● THE TASK
Only one stretch of the data below is wanted: the lines from the one with "u (x /\<^sub>R" through the one with "S f \<longleftrightarrow>", repeated exactly.

● Records drawn from a dataset
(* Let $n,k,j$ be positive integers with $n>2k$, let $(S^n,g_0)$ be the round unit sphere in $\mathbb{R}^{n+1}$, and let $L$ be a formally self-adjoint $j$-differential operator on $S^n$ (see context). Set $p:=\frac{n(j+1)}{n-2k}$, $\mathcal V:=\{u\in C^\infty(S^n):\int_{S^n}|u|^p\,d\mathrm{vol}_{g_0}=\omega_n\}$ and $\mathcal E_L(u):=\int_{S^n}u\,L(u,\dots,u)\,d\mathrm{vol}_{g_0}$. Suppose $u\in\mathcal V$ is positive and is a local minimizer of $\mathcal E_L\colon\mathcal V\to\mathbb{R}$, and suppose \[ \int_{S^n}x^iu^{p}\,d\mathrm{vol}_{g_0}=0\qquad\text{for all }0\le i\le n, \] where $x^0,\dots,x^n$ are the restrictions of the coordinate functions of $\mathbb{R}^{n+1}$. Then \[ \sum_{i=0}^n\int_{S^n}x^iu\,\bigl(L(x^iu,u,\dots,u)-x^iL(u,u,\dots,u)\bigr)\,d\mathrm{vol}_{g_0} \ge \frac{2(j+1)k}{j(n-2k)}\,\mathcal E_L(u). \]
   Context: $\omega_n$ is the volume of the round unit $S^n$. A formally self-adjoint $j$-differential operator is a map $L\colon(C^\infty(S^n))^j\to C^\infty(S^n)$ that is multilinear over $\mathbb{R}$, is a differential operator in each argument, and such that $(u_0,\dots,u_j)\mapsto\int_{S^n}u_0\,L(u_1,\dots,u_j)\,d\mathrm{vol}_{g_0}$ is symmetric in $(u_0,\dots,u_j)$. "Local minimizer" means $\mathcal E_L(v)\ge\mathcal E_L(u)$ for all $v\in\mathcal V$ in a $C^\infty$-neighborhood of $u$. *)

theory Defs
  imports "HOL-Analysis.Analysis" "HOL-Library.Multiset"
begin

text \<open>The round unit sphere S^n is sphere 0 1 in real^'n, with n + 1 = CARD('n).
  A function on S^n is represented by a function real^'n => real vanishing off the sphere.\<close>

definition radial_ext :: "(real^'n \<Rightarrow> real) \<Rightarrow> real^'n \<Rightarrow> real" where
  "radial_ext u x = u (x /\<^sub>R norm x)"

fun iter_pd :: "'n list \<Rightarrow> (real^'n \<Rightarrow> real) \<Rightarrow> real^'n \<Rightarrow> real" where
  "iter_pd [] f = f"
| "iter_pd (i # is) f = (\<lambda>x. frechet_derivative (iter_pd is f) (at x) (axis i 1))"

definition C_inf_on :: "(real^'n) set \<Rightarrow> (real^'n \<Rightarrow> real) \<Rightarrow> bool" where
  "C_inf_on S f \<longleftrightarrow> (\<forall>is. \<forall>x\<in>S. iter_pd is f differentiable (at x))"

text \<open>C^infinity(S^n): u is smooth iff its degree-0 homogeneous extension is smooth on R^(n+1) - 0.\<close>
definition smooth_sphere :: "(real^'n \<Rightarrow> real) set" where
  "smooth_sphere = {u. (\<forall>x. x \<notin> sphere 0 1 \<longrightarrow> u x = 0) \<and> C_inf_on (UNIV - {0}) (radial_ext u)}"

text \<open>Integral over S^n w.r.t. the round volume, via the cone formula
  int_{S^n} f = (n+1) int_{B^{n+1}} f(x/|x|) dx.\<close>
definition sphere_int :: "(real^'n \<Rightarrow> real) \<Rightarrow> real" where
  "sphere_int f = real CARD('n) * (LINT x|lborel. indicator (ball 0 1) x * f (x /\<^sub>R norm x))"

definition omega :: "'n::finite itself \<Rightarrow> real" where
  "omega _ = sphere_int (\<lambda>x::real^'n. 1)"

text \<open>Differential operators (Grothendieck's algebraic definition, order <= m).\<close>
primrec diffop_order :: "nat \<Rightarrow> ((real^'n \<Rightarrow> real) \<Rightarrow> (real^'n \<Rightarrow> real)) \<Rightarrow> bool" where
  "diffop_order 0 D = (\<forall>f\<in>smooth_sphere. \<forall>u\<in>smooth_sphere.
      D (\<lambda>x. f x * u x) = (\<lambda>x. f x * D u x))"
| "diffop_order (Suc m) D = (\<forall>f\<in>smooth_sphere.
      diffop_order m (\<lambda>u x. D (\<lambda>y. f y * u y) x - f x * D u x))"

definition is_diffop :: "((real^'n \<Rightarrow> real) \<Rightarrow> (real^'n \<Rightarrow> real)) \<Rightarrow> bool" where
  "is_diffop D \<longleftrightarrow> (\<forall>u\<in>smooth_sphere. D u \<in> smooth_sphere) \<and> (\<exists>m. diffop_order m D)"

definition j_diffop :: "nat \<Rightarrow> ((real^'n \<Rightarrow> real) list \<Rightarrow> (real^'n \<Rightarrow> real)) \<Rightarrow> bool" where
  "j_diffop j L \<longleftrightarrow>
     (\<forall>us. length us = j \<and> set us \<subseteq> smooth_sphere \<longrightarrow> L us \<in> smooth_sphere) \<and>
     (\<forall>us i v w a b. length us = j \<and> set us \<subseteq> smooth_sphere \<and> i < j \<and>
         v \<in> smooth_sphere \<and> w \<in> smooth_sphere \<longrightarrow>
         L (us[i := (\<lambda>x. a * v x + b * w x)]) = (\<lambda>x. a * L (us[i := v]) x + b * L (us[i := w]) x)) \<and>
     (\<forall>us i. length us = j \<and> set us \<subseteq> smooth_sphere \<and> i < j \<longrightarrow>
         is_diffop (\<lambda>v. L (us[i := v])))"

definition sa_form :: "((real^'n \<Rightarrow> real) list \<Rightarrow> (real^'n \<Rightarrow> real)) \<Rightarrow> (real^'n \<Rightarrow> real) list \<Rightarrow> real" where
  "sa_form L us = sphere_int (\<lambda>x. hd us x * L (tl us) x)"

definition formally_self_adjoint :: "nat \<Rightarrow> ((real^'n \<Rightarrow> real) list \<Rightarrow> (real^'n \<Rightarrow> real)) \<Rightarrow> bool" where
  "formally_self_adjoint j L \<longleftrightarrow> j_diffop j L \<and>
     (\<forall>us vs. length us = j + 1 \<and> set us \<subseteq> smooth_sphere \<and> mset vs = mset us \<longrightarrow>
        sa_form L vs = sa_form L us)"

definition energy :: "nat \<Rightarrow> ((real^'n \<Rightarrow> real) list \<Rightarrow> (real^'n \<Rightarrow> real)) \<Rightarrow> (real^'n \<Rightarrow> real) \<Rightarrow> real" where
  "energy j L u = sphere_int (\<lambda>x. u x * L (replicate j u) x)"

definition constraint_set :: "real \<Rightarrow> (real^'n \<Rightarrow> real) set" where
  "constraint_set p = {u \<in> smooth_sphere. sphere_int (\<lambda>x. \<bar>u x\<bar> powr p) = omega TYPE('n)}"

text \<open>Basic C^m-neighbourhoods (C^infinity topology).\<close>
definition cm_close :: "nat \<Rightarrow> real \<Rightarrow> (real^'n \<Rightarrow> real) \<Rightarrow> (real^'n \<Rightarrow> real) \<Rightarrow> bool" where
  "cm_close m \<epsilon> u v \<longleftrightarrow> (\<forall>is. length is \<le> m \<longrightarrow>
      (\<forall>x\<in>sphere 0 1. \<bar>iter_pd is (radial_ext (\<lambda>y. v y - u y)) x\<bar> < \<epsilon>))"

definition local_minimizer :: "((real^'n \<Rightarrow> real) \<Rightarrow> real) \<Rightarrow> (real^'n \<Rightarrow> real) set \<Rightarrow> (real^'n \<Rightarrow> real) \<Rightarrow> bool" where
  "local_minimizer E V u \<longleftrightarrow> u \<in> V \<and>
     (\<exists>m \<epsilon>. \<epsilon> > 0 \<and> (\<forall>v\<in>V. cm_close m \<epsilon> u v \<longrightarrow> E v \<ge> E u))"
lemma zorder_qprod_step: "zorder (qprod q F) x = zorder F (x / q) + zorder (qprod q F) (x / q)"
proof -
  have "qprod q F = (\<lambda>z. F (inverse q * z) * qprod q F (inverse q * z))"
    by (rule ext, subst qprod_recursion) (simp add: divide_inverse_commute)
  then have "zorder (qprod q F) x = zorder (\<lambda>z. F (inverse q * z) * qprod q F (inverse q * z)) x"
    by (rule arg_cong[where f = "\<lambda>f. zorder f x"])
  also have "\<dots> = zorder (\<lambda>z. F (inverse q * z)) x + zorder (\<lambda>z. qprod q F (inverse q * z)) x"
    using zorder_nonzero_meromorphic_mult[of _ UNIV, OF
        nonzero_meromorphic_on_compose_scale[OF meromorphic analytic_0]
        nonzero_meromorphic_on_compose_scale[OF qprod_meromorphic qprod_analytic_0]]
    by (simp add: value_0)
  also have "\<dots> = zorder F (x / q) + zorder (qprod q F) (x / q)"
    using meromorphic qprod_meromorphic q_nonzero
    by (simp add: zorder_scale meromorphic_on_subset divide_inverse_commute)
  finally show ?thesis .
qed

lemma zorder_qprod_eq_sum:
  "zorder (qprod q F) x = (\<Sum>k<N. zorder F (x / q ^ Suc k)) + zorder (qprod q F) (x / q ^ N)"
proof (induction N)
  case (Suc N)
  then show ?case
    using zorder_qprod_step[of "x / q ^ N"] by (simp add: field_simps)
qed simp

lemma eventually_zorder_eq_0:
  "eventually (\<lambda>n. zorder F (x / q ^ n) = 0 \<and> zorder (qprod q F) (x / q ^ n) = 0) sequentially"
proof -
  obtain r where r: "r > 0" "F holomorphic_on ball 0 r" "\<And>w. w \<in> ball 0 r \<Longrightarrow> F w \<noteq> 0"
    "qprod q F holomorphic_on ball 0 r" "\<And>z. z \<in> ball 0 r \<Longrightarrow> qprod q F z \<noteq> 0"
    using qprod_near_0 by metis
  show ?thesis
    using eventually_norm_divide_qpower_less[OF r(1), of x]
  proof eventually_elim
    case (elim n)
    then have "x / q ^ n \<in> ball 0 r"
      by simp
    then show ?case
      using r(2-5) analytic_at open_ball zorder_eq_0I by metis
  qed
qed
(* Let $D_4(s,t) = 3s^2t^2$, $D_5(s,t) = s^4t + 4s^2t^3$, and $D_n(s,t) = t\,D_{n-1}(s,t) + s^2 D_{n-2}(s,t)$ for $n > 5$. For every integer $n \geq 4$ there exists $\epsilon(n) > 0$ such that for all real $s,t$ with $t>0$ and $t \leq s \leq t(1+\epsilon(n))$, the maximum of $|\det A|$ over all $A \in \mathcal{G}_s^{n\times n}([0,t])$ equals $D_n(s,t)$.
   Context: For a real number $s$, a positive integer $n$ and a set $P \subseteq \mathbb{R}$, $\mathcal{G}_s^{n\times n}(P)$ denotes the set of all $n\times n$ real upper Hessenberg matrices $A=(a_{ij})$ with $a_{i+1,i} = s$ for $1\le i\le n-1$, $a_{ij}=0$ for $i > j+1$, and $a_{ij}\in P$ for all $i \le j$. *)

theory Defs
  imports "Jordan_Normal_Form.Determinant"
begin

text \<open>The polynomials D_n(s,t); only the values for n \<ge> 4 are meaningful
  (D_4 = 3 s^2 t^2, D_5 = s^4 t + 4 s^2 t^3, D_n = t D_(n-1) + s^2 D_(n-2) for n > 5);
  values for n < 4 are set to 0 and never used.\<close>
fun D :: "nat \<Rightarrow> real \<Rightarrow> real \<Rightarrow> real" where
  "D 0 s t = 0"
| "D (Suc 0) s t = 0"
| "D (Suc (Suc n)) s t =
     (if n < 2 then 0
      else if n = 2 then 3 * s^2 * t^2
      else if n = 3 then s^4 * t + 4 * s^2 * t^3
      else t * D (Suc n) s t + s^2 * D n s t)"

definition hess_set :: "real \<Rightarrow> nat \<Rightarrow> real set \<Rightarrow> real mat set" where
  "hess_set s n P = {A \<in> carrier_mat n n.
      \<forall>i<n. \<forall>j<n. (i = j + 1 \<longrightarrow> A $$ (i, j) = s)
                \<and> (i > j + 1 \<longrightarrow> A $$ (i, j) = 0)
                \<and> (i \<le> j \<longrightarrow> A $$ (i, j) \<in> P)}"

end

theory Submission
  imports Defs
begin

● RESPONSE TO THIS EXERCISE
  "radial_ext u x = u (x /\<^sub>R norm x)"

fun iter_pd :: "'n list \<Rightarrow> (real^'n \<Rightarrow> real) \<Rightarrow> real^'n \<Rightarrow> real" where
  "iter_pd [] f = f"
| "iter_pd (i # is) f = (\<lambda>x. frechet_derivative (iter_pd is f) (at x) (axis i 1))"

definition C_inf_on :: "(real^'n) set \<Rightarrow> (real^'n \<Rightarrow> real) \<Rightarrow> bool" where
  "C_inf_on S f \<longleftrightarrow> (\<forall>is. \<forall>x\<in>S. iter_pd is f differentiable (at x))"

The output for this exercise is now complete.